═══ Data records ═══

lemma orthonormal_completion:
  fixes v :: "real vec"
  assumes v: "v \<in> carrier_vec n" and unit: "v \<bullet> v = 1"
  obtains W where "W \<in> carrier_mat n n" "W\<^sup>T * W = 1\<^sub>m n" "col W 0 = v"
proof -
  interpret cof_vec_space n "TYPE(real)" .
  have v0: "v \<noteq> 0\<^sub>v n" using unit v by auto
  then have n: "0 < n" using v by (cases n) auto
  define bs where "bs = basis_completion v"
  note bc = basis_completion[OF v v0, folded bs_def]
  define ws where "ws = gram_schmidt n bs"
  note gs = gram_schmidt_result[OF bc(2) bc(4) bc(5) ws_def]
  have len: "length ws = n" using gs(4) bc(6) by simp
  have "bs = v # tl bs" using bc(6) bc(7) n by (cases bs) auto
  then have "hd ws = v" unfolding ws_def using v by (metis gram_schmidt_hd)
  then have ws0: "ws ! 0 = v" using len n by (cases ws) auto
  have ws: "ws ! i \<in> carrier_vec n" if "i < n" for i using gs(3) len that by auto
  have orth: "ws ! i \<bullet> ws ! j = 0 \<longleftrightarrow> i \<noteq> j" if "i < n" "j < n" for i j
    using corthogonalD[OF gs(2), of i j] that len by simp
  define W where "W = mat_of_cols n (map (\<lambda>w. (1 / vnorm w) \<cdot>\<^sub>v w) ws)"
  have W: "W \<in> carrier_mat n n" unfolding W_def using len by (metis length_map mat_of_cols_carrier(1))
  have col: "col W j = (1 / vnorm (ws ! j)) \<cdot>\<^sub>v ws ! j" if "j < n" for j
    unfolding W_def using that len ws by simp
  have "col W i \<bullet> col W j = 1\<^sub>m n $$ (i,j)" if ij: "i < n" "j < n" for i j
  proof (cases "i = j")
    case True
    then have "vnorm (ws ! i) * vnorm (ws ! i) = ws ! i \<bullet> ws ! i" "ws ! i \<bullet> ws ! i \<noteq> 0"
      using vnorm_square[of "ws ! i"] orth[OF ij(1) ij(1)] by (auto simp: power2_eq_square)
    then show ?thesis using ij ws unfolding True col[OF ij(2)] by simp
  next
    case False
    then show ?thesis using ij ws[OF ij(1)] ws[OF ij(2)] orth[OF ij] unfolding col[OF ij(1)] col[OF ij(2)]
      by simp
  qed
  then have "W\<^sup>T * W = 1\<^sub>m n" using W by (intro eq_matI) auto
  moreover have "col W 0 = v" using col[OF n] ws0 unit by (simp add: vnorm_def)
  ultimately show thesis by (rule that[OF W])
qed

═══

Directions for this task - Only the lines that contain the string "cases" should be copied from the entries above.

Reply to the task -
  then have n: "0 < n" using v by (cases n) auto
  have "bs = v # tl bs" using bc(6) bc(7) n by (cases bs) auto
  then have ws0: "ws ! 0 = v" using len n by (cases ws) auto
  proof (cases "i = j")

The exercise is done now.